ACTIVITY
Instruction for the data below: set down exactly the lines from the line with "T e. \<forall>i\<in>K" to the line with "I p x y) = u", inclusive, and no others.
* * *
lemma dsum_hom_zero:
  assumes G: "\<forall>i\<in>I. ab_topgroup (T i) (p i) (e i) (n i)"
    and hom: "\<forall>x\<in>dsum_carrier I T e. \<forall>y\<in>dsum_carrier I T e. f (dsum_add I p x y) = f x + f y"
  shows "f (restrict e I) = (0 :: 'a::group_add)"
proof -
  have "dsum_add I p (restrict e I) (restrict e I) = restrict e I"
    using ab_topgroup_left_zero[OF G[rule_format]] ab_topgroup_zero[OF G[rule_format]]
    unfolding dsum_add_def by (auto simp: fun_eq_iff)
  then have "f (restrict e I) + f (restrict e I) = f (restrict e I)"
    using hom dsum_zero_in_carrier[OF G] by metis
  then show ?thesis by (metis add.right_neutral add_left_cancel)
qed

definition dsum_vanishing :: "'i set \<Rightarrow> ('i \<Rightarrow> 'b topology) \<Rightarrow> ('i \<Rightarrow> 'b) \<Rightarrow> 'i set \<Rightarrow> ('i \<Rightarrow> 'b) set" where
  "dsum_vanishing I T e K = {x \<in> dsum_carrier I T e. \<forall>i\<in>K \<inter> I. x i = e i}"

lemma is_subgroup_hom_image_dsum_vanishing:
  fixes f :: "('i \<Rightarrow> 'b) \<Rightarrow> 'a::ab_group_add"
  assumes G: "\<forall>i\<in>I. ab_topgroup (T i) (p i) (e i) (n i)"
    and hom: "\<forall>x\<in>dsum_carrier I T e. \<forall>y\<in>dsum_carrier I T e. f (dsum_add I p x y) = f x + f y"
  shows "is_subgroup (f ` dsum_vanishing I T e K)"
  unfolding is_subgroup_def
proof (intro conjI ballI)
  have "restrict e I \<in> dsum_vanishing I T e K"
    using dsum_zero_in_carrier[OF G] unfolding dsum_vanishing_def by auto
  then show "0 \<in> f ` dsum_vanishing I T e K"
    using dsum_hom_zero[OF G hom] by (metis image_eqI)
next
  fix u v assume "u \<in> f ` dsum_vanishing I T e K" "v \<in> f ` dsum_vanishing I T e K"
  then obtain x y where xy: "x \<in> dsum_vanishing I T e K" "y \<in> dsum_vanishing I T e K"
      and uv: "u = f x" "v = f y"
    by blast
  then have "dsum_add I p x y \<in> dsum_vanishing I T e K"
    using dsum_add_in_carrier[OF G] ab_topgroupD[OF G[rule_format]] unfolding dsum_vanishing_def dsum_add_def
    by (auto simp: restrict_def)
  moreover have "f (dsum_add I p x y) = u + v"
    using hom xy uv unfolding dsum_vanishing_def by simp
  ultimately show "u + v \<in> f ` dsum_vanishing I T e K"
    by (metis image_eqI)
next
  fix u assume "u \<in> f ` dsum_vanishing I T e K"
  then obtain x where x: "x \<in> dsum_vanishing I T e K" and u: "u = f x" by blast
  note grp = ab_topgroupD[OF G[rule_format]]
  define y where "y = restrict (\<lambda>i. n i (x i)) I"
  have xD: "x \<in> dsum_carrier I T e"
    using x unfolding dsum_vanishing_def by auto
  note xP = dsum_carrier_PiE[OF xD]
  have "{i \<in> I. y i \<noteq> e i} \<subseteq> {i \<in> I. x i \<noteq> e i}"
    using grp unfolding y_def by auto
  then have "finite {i \<in> I. y i \<noteq> e i}"
    using xD unfolding dsum_carrier_def by (auto intro: finite_subset)
  moreover have "y \<in> PiE I (\<lambda>i. topspace (T i))"
    using xP grp unfolding y_def by (auto simp: PiE_iff)
  ultimately have yD: "y \<in> dsum_carrier I T e"
    unfolding dsum_carrier_def by auto
  have yK: "y \<in> dsum_vanishing I T e K"
    using x yD grp unfolding dsum_vanishing_def y_def by auto
  have "dsum_add I p x y = restrict e I"
    using xP grp unfolding dsum_add_def y_def by (auto simp: fun_eq_iff PiE_iff)
  then have "f x + f y = 0"
    using hom xD yD dsum_hom_zero[OF G hom] by metis
  then have "- u = f y" using u by (simp add: add_eq_0_iff)
  with yK show "- u \<in> f ` dsum_vanishing I T e K" by blast
qed

lemma dsum_vanishing_subset_box:
  fixes V :: "'i \<Rightarrow> 'b set"
  assumes "restrict e I \<in> PiE I V" "{i \<in> I. V i \<noteq> topspace (T i)} \<subseteq> K"
  shows "dsum_vanishing I T e K \<subseteq> PiE I V"
proof
  fix x assume x: "x \<in> dsum_vanishing I T e K"
  then have xP: "x \<in> PiE I (\<lambda>i. topspace (T i))"
    unfolding dsum_vanishing_def using dsum_carrier_PiE by blast
  have "x i \<in> V i" if i: "i \<in> I" for i
  proof (cases "V i = topspace (T i)")
    case False
    then have "x i = e i" using x assms(2) i unfolding dsum_vanishing_def by auto
    then show ?thesis using assms(1) i by auto
  qed (use xP i in auto)
  with xP show "x \<in> PiE I V" by (auto simp: PiE_iff)
qed

lemma embeds_direct_sumD:
  assumes "embeds_direct_sum I T p e n f"
  shows embeds_groups: "\<forall>i\<in>I. ab_topgroup (T i) (p i) (e i) (n i)"
    and embeds_nontrivial: "\<And>i. i \<in> I \<Longrightarrow> topspace (T i) \<noteq> {e i}"
    and embeds_hom: "\<forall>x\<in>dsum_carrier I T e. \<forall>y\<in>dsum_carrier I T e. f (dsum_add I p x y) = f x + f y"
    and embeds_homeomorphic: "homeomorphic_map (dsum_topology I T e) (top_of_set (f ` dsum_carrier I T e)) f"
    and embeds_inj: "inj_on f (dsum_carrier I T e)"
  using assms homeomorphic_imp_injective_map[of "dsum_topology I T e" _ f]
  unfolding embeds_direct_sum_def topspace_dsum_topology by blast+

lemma embeds_direct_sum_zero_box:
  assumes E: "embeds_direct_sum I T p e n f" and Q: "open Q" "0 \<in> Q"
  obtains V where "\<forall>i\<in>I. openin (T i) (V i)" "finite {i\<in>I. V i \<noteq> topspace (T i)}"
    "restrict e I \<in> PiE I V" "f ` (PiE I V \<inter> dsum_carrier I T e) \<subseteq> Q"
    "\<exists>Q'. open Q' \<and> f ` (PiE I V \<inter> dsum_carrier I T e) = f ` dsum_carrier I T e \<inter> Q'"
proof -
  let ?D = "dsum_carrier I T e"
  note homeo = embeds_homeomorphic[OF E]
  have "openin (top_of_set (f ` ?D)) (f ` ?D \<inter> Q)"
    unfolding openin_open using Q(1) by blast
  from openin_continuous_map_preimage[OF homeomorphic_imp_continuous_map[OF homeo] this]
  moreover have "{x \<in> topspace (dsum_topology I T e). f x \<in> f ` ?D \<inter> Q} = {x \<in> ?D. f x \<in> Q}"
    unfolding topspace_dsum_topology by blast
  ultimately have "openin (dsum_topology I T e) {x \<in> ?D. f x \<in> Q}"
    by simp
  then have "openin (subtopology (product_topology T I) ?D) {x \<in> ?D. f x \<in> Q}"
    unfolding dsum_topology_def .
  then obtain Q' where Q': "openin (product_topology T I) Q'" and eq: "{x \<in> ?D. f x \<in> Q} = Q' \<inter> ?D"
    unfolding openin_subtopology by blast
  have "restrict e I \<in> {x \<in> ?D. f x \<in> Q}"
    using dsum_zero_in_carrier[OF embeds_groups[OF E]]
      dsum_hom_zero[OF embeds_groups[OF E] embeds_hom[OF E]] Q(2) by (simp del: restrict_apply)
  then have "restrict e I \<in> Q'"
    unfolding eq by simp
  then obtain V where V: "finite {i \<in> I. V i \<noteq> topspace (T i)}" "\<forall>i \<in> I. openin (T i) (V i)"
      "restrict e I \<in> PiE I V" "PiE I V \<subseteq> Q'"
    using Q' unfolding openin_product_topology_alt by meson
  have "f ` (PiE I V \<inter> ?D) \<subseteq> Q"
  proof
    fix u assume "u \<in> f ` (PiE I V \<inter> ?D)"
    then obtain x where "x \<in> PiE I V" "x \<in> ?D" "u = f x" by blast
    then have "x \<in> {x \<in> ?D. f x \<in> Q}" unfolding eq using V(4) by blast
    with \<open>u = f x\<close> show "u \<in> Q" by simp
  qed
  moreover have "openin (dsum_topology I T e) (PiE I V \<inter> ?D)"
    unfolding dsum_topology_def using V(1,2) by (simp add: openin_PiE_gen openin_subtopology_Int)
  then have "openin (top_of_set (f ` ?D)) (f ` (PiE I V \<inter> ?D))"
    using homeomorphic_imp_open_map[OF homeo] unfolding open_map_def by blast
  then have "\<exists>Q'. open Q' \<and> f ` (PiE I V \<inter> ?D) = f ` ?D \<inter> Q'"
    unfolding openin_open .
  ultimately show ?thesis
    using that V(1-3) by blast
qed

section \<open>An embedded direct sum yields an independent summable set\<close>

locale direct_sum_embedding =
  fixes I :: "'i set" and T :: "'i \<Rightarrow> 'b topology" and p :: "'i \<Rightarrow> 'b \<Rightarrow> 'b \<Rightarrow> 'b"
    and e :: "'i \<Rightarrow> 'b" and n :: "'i \<Rightarrow> 'b \<Rightarrow> 'b"
    and f :: "('i \<Rightarrow> 'b) \<Rightarrow> 'a::{topological_ab_group_add, t2_space}"
    and g :: "'i \<Rightarrow> 'b"
  assumes embeds: "embeds_direct_sum I T p e n f"
    and g_in_topspace: "\<And>i. i \<in> I \<Longrightarrow> g i \<in> topspace (T i)"
    and g_nonzero: "\<And>i. i \<in> I \<Longrightarrow> g i \<noteq> e i"
begin

definition dsum_unit :: "'i \<Rightarrow> 'i \<Rightarrow> 'b" where
  "dsum_unit i = restrict (\<lambda>j. if j = i then g i else e j) I"

definition basis :: "'i \<Rightarrow> 'a" where
  "basis i = f (dsum_unit i)"

lemmas groups = embeds_groups[OF embeds]
lemmas hom = embeds_hom[OF embeds]

lemma image_dsum_vanishing_subgroup: "is_subgroup (f ` dsum_vanishing I T e K)"
  by (rule is_subgroup_hom_image_dsum_vanishing[OF groups hom])

lemma dsum_unit_in_carrier:
  assumes i: "i \<in> I"
  shows "dsum_unit i \<in> dsum_carrier I T e"
proof -
  have "{j \<in> I. dsum_unit i j \<noteq> e j} \<subseteq> {i}"
    unfolding dsum_unit_def by auto
  then have "finite {j \<in> I. dsum_unit i j \<noteq> e j}"
    by (rule finite_subset) simp
  moreover have "dsum_unit i \<in> PiE I (\<lambda>j. topspace (T j))"
    using g_in_topspace[OF i] ab_topgroup_zero[OF groups[rule_format]] unfolding dsum_unit_def by auto
  ultimately show ?thesis
    unfolding dsum_carrier_def by auto
qed

lemma zmult_basis_in_image_dsum_vanishing:
  assumes "i \<in> I" "i \<notin> K"
  shows "zmult z (basis i) \<in> f ` dsum_vanishing I T e K"
proof (rule is_subgroup_zmult[OF image_dsum_vanishing_subgroup])
  show "basis i \<in> f ` dsum_vanishing I T e K"
    using assms dsum_unit_in_carrier unfolding basis_def dsum_vanishing_def dsum_unit_def by auto
qed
* * *
TASK SOLUTION
  "dsum_vanishing I T e K = {x \<in> dsum_carrier I T e. \<forall>i\<in>K \<inter> I. x i = e i}"

lemma is_subgroup_hom_image_dsum_vanishing:
  fixes f :: "('i \<Rightarrow> 'b) \<Rightarrow> 'a::ab_group_add"
  assumes G: "\<forall>i\<in>I. ab_topgroup (T i) (p i) (e i) (n i)"
    and hom: "\<forall>x\<in>dsum_carrier I T e. \<forall>y\<in>dsum_carrier I T e. f (dsum_add I p x y) = f x + f y"
  shows "is_subgroup (f ` dsum_vanishing I T e K)"
  unfolding is_subgroup_def
proof (intro conjI ballI)
  have "restrict e I \<in> dsum_vanishing I T e K"
    using dsum_zero_in_carrier[OF G] unfolding dsum_vanishing_def by auto
  then show "0 \<in> f ` dsum_vanishing I T e K"
    using dsum_hom_zero[OF G hom] by (metis image_eqI)
next
  fix u v assume "u \<in> f ` dsum_vanishing I T e K" "v \<in> f ` dsum_vanishing I T e K"
  then obtain x y where xy: "x \<in> dsum_vanishing I T e K" "y \<in> dsum_vanishing I T e K"
      and uv: "u = f x" "v = f y"
    by blast
  then have "dsum_add I p x y \<in> dsum_vanishing I T e K"
    using dsum_add_in_carrier[OF G] ab_topgroupD[OF G[rule_format]] unfolding dsum_vanishing_def dsum_add_def
    by (auto simp: restrict_def)
  moreover have "f (dsum_add I p x y) = u + v"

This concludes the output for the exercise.